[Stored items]
---
definition adv_view :: "('m, 'c, 'r) protocol \<Rightarrow> nat \<Rightarrow> nat set set \<Rightarrow> nat set \<Rightarrow> nat \<Rightarrow> 'm \<Rightarrow>
    ((nat \<Rightarrow> 'c) list \<times> (nat set \<Rightarrow> bool) \<times> (nat \<Rightarrow> 'r)) pmf" where
  "adv_view P n E T s m =
     do { k \<leftarrow> key_pmf E;
          \<rho> \<leftarrow> rand_pmf P n;
          return_pmf (transcript P n (inputs s m) k \<rho>,
                      (\<lambda>e. if e \<inter> T \<noteq> {} then k e else False),
                      (\<lambda>p. if p \<in> T then \<rho> p else undefined)) }"

definition guess_prob :: "('m, 'c, 'r) protocol \<Rightarrow> nat \<Rightarrow> nat set set \<Rightarrow> nat set \<Rightarrow> 'm \<Rightarrow>
    ((nat \<Rightarrow> 'c) list \<times> (nat set \<Rightarrow> bool) \<times> (nat \<Rightarrow> 'r) \<Rightarrow> nat) \<Rightarrow> real" where
  "guess_prob P n E T m g =
     measure_pmf.prob
       (do { s \<leftarrow> pmf_of_set ({..<n} - T);
             v \<leftarrow> adv_view P n E T s m;
             return_pmf (s, v) })
       {(s, v). g v = s}"
lemma separated_if_segmental_Un:
  assumes "segmental_forest (VA \<union> VB) (EA \<union> EB) ends ms (A \<union> B)" "set ms = set msA \<union> set msB"
  shows "separated ends B (X \<inter> Y) (set msB)"
  unfolding separated_def
proof (intro ballI impI)
  fix p m assume "p \<in> X \<inter> Y" "m \<in> set msB" and pm: "reach ends B p m"
  moreover from this have "p \<in> set msA" using shared_marked by blast
  moreover from this have "p \<in> VA \<union> VB" using msA_VA by blast
  moreover have "reach ends (A \<union> B) p m" using reach_mono[OF pm] by blast
  ultimately show "m = p" using segmental_forest_reach_mark[OF assms(1)] assms(2) by blast
qed

end

context split_graph
begin

lemma forest_Un:
  assumes "A \<subseteq> EA" "B \<subseteq> EB" "forest ends A" "forest ends B"
    and sepA: "separated ends A (X \<inter> Y) (set msA)" and sepB: "separated ends B (X \<inter> Y) (set msB)"
  shows "forest ends (A \<union> B)"
  unfolding forest_def
proof (intro ballI allI impI)
  fix e x y assume "e \<in> A \<union> B" and e: "ends e = {x, y}"
  then consider "e \<in> A" | "e \<in> B" by blast
  then show "\<not> reach ends (A \<union> B - {e}) x y"
  proof cases
    case 1
    then show ?thesis using no_cycle_Un[OF assms(1-3) sepB _ e] by blast
  next
    case 2
    have "separated ends A (Y \<inter> X) (set msA)" using sepA by (simp add: Int_commute)
    then show ?thesis using swap.no_cycle_Un[OF assms(2,1,4) _ 2 e] by (simp add: Un_commute)
  qed
qed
---
- **THE PROBLEM**
Output only an exact transcription of the lines above from the one with "(VA \<union> VB)" up to and including the one with "fix p m assume".

- **RESPONSE TO THE TASK**
  assumes "segmental_forest (VA \<union> VB) (EA \<union> EB) ends ms (A \<union> B)" "set ms = set msA \<union> set msB"
  shows "separated ends B (X \<inter> Y) (set msB)"
  unfolding separated_def
proof (intro ballI impI)
  fix p m assume "p \<in> X \<inter> Y" "m \<in> set msB" and pm: "reach ends B p m"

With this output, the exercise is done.